Create and set up world Python dependencies within the Amazon MWAA atmosphere
Your necessities file should embrace a āconstraint assertion to verify the packages listed in your necessities are appropriate with the model of Apache Airflow you might be utilizing. The assertion starting with -r
references the atmosphere variable you set in your startup.sh
script primarily based on the part sort.
The next code is an instance of the necessities.txt
file:
Add the necessities.txt file to the Amazon MWAA atmosphere S3 bucket:
Create and set up component-specific Python dependencies within the Amazon MWAA atmosphere
For this instance, we wish to set up the Python bundle scrapy on staff and schedulers from our non-public Git repository. We additionally wish to set up pprintpp on the internet server from the general public Python packages indexes. To perform that, we have to create the next information (we offer instance code):
Add webserver_reqs.txt
, scheduler_reqs.txt
, and worker_reqs.txt
to the DAGs folder for the Amazon MWAA atmosphere:
Replace the atmosphere for the brand new necessities file and observe the outcomes
Get the newest object model for the necessities file:
Replace the Amazon MWAA atmosphere to make use of the brand new necessities.txt
file:
Browse the CloudWatch log streams on your staff and consider the requirements_install
log. Discover the startup script is now working and setting the atmosphere variable.
Conclusion
On this submit, we demonstrated a technique to selectively set up Python dependencies primarily based on the Amazon MWAA part sort (net server, scheduler, or employee) from a Git repository solely accessible out of your VPC.

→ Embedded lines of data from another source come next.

(* Let $H_n=\sum_{j=1}^n\frac1j$, let $\gamma$ be the Euler–Mascheroni constant, $\Gamma$ the gamma function and $G$ the Barnes $G$-function. For $x > 0$, $$\sum_{n = 1}^\infty (-1)^n n\left(H_n - \log(n + x - 1) - \gamma + \frac{x}{n} - \frac{3}{2n}\right) = \frac{\gamma }{4} - \frac{x -\log (2) - 1}{2} - 2 \log \left[\frac{G\left(\frac{x+1}{2}\right)}{G\left(\frac{x}{2}\right)}\right] + \log\Gamma \left(\frac{x}{2}\right).$$
   Context: The Barnes $G$-function is the entire function $G(z+1) = (2\pi)^{z/2} e^{-\frac{z+z^2(1+\gamma)}{2}} \prod_{m=1}^\infty \left(1+\frac{z}{m}\right)^m e^{-z+\frac{z^2}{2m}}$; it satisfies $G(1)=1$ and $G(z+1)=\Gamma(z)G(z)$. *)

theory Defs
  imports "HOL-Analysis.Analysis"
begin

text \<open>Barnes G-function on the reals, via its Weierstrass product:
  G(z+1) = (2 pi)^(z/2) exp(-(z + z^2 (1+gamma))/2) prod_{m>=1} (1+z/m)^m exp(-z + z^2/(2m)).
  We set barnes_G z = G((z-1)+1).\<close>
definition barnes_G :: "real \<Rightarrow> real" where
  "barnes_G z = (let w = z - 1 in
     (2 * pi) powr (w / 2) * exp (- (w + w\<^sup>2 * (1 + euler_mascheroni)) / 2) *
     (\<Prod>m. (1 + w / real (Suc m)) ^ (Suc m) * exp (- w + w\<^sup>2 / (2 * real (Suc m)))))"

end

theory Submission
  imports Defs "HOL-Real_Asymp.Real_Asymp" "HOL-Probability.Characteristic_Functions"
begin

text \<open>Pairing the terms with indices \<open>2m+1\<close> and \<open>2m+2\<close> turns the alternating series into
  one whose \<open>m\<close>-th term is \<open>H(2m+1) - \<gamma> - ln(2m+x) + (x - 3/2)/(2m+2)\<close> minus twice the
  difference of the logarithms of the \<open>(m+1)\<close>-st Weierstrass factors of \<open>G((x+1)/2)\<close> and
  \<open>G(x/2)\<close>. The partial sums of the first four parts have a closed form in terms of harmonic
  numbers, \<open>ln N!\<close> and Gauss' approximants of \<open>ln \<Gamma>(x/2)\<close>; their limits follow from
  \<open>n (H(n) - ln n - \<gamma>) \<longrightarrow> 1/2\<close>, \<open>H(2n) - H(n) \<longrightarrow> ln 2\<close> and Stirling's constant
  \<open>ln(2\<pi>)/2\<close>, which is recovered from Wallis' product. As the terms tend to \<open>0\<close>, the limit
  of the even partial sums is the sum of the series.\<close>

lemma LIMSEQ_double_index: "X \<longlonglongrightarrow> L \<Longrightarrow> (\<lambda>n. X (2 * n)) \<longlonglongrightarrow> L"
  by (rule filterlim_compose[OF _ mult_nat_left_at_top]) simp_all

lemma sums_if_even_partial_sums:
  fixes f :: "nat \<Rightarrow> 'a::real_normed_vector"
  assumes "f \<longlonglongrightarrow> 0" and "(\<lambda>n. \<Sum>k<2*n. f k) \<longlonglongrightarrow> s"
  shows "f sums s"
  unfolding sums_def
proof (rule limseq_even_odd)
  show "(\<lambda>n. \<Sum>k<2*n. f k) \<longlonglongrightarrow> s"
    by fact
  have "(\<lambda>n. (\<Sum>k<2*n. f k) + f (2*n)) \<longlonglongrightarrow> s + 0"
    by (intro tendsto_add assms(2) LIMSEQ_double_index assms(1))
  then show "(\<lambda>n. \<Sum>k<2*n+1. f k) \<longlonglongrightarrow> s"
    by simp
qed

section \<open>Harmonic numbers\<close>

lemma harm_minus_ln_asymp:
  "(\<lambda>n. real n * (harm n - ln (real n) - euler_mascheroni)) \<longlonglongrightarrow> 1/2"
proof (rule LIMSEQ_offset[where k = 2])
  let ?d = "\<lambda>k. harm (k+2) - ln (real (k+2)) - euler_mascheroni"
  let ?lower = "\<lambda>k. 1 / real (k+2) - 1 / real (2*(k+1))"
  let ?upper = "\<lambda>k. 1 / real (k+2) - 1 / real (2*(k+2))"
  have "?lower k \<le> ?d k" "?d k \<le> ?upper k" for k
  proof -
    have "harm (k+2) = harm (Suc k) + 1 / real (k+2)"
      by (simp add: harm_Suc inverse_eq_divide)
    with euler_mascheroni_lower[of k] euler_mascheroni_upper[of k]
    show "?lower k \<le> ?d k" "?d k \<le> ?upper k"
      by simp_all
  qed
  then have "eventually (\<lambda>k. real (k+2) * ?lower k \<le> real (k+2) * ?d k) sequentially"
    and "eventually (\<lambda>k. real (k+2) * ?d k \<le> real (k+2) * ?upper k) sequentially"
    by (simp_all add: always_eventually mult_left_mono)
  moreover have "(\<lambda>k. real (k+2) * ?lower k) \<longlonglongrightarrow> 1/2" "(\<lambda>k. real (k+2) * ?upper k) \<longlonglongrightarrow> 1/2"
    by real_asymp+
  ultimately show "(\<lambda>k. real (k+2) * ?d k) \<longlonglongrightarrow> 1/2"
    by (rule tendsto_sandwich)
qed

lemma harm_double_minus_harm: "(\<lambda>n. harm (2*n) - harm n) \<longlonglongrightarrow> (ln 2 :: real)"
proof -
  let ?f = "\<lambda>n. (harm (2*n) - ln (real (2*n))) - (harm n - ln (real n)) + (ln 2 :: real)"
  have "?f \<longlonglongrightarrow> euler_mascheroni - euler_mascheroni + ln 2"
    by (intro tendsto_add tendsto_diff tendsto_const euler_mascheroni_LIMSEQ
          LIMSEQ_double_index[OF euler_mascheroni_LIMSEQ])
  then have "?f \<longlonglongrightarrow> ln 2"
    by simp
  moreover have "\<forall>\<^sub>F n in sequentially. ?f n = harm (2*n) - harm n"
    using eventually_gt_at_top[of 0] by eventually_elim (simp add: ln_mult)
  ultimately show ?thesis
    by (rule Lim_transform_eventually)
qed

lemma sum_harm_odd:
  "(\<Sum>m<N. harm (2*m+1) :: real) = (real N + 1/2) * harm (2*N) - real N - harm N / 4"
proof (induction N)
  case (Suc N)
  have odd: "harm (2*N+1) = harm (2*N) + 1 / (2 * real N + 1)"
    and even: "harm (2 * Suc N) = harm (2*N) + 1 / (2 * real N + 1) + 1 / (2 * real N + 2)"
    and "harm (Suc N) = harm N + 1 / (real N + 1)"
    by (simp_all add: harm_Suc inverse_eq_divide add_ac)
  have "(\<Sum>m<Suc N. harm (2*m+1)) =
      (real N + 1/2) * harm (2*N) - real N - harm N / 4 + (harm (2*N+1) :: real)"
    using Suc.IH by simp
  also have "\<dots> = (real (Suc N) + 1/2) * harm (2 * Suc N) - real (Suc N) - harm (Suc N) / 4"
  proof -
    have "(r + 1/2) * a - r - b/4 + (a + 1/(2*r+1)) =
        (r + 1 + 1/2) * (a + 1/(2*r+1) + 1/(2*r+2)) - (r+1) - (b + 1/(r+1))/4"
      if "r \<ge> 0" for r a b :: real
      using that by (simp add: divide_simps) (simp add: algebra_simps)
    then show ?thesis
      unfolding odd even \<open>harm (Suc N) = _\<close> by simp
  qed
  finally show ?case .
qed (simp add: harm_def)

section \<open>Stirling's constant\<close>

definition stirling_remainder :: "nat \<Rightarrow> real" where
  "stirling_remainder n = ln (fact n) - (real n + 1/2) * ln (real n) + real n"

We hope this submit supplied you with a greater understanding of how startup scripts and Python dependency administration work in an Amazon MWAA atmosphere. You may implement different variations and configurations utilizing the ideas outlined on this submit, relying in your particular community setup and necessities.
Concerning the Creator
Tim Wilhoit is a Sr. Options Architect for the Division of Protection at AWS. Tim has over 20 years of enterprise IT expertise. His areas of curiosity are serverless computing and ML/AI. In his spare time, Tim enjoys spending time on the lake and rooting on the Oklahoma State Cowboys. Go Pokes!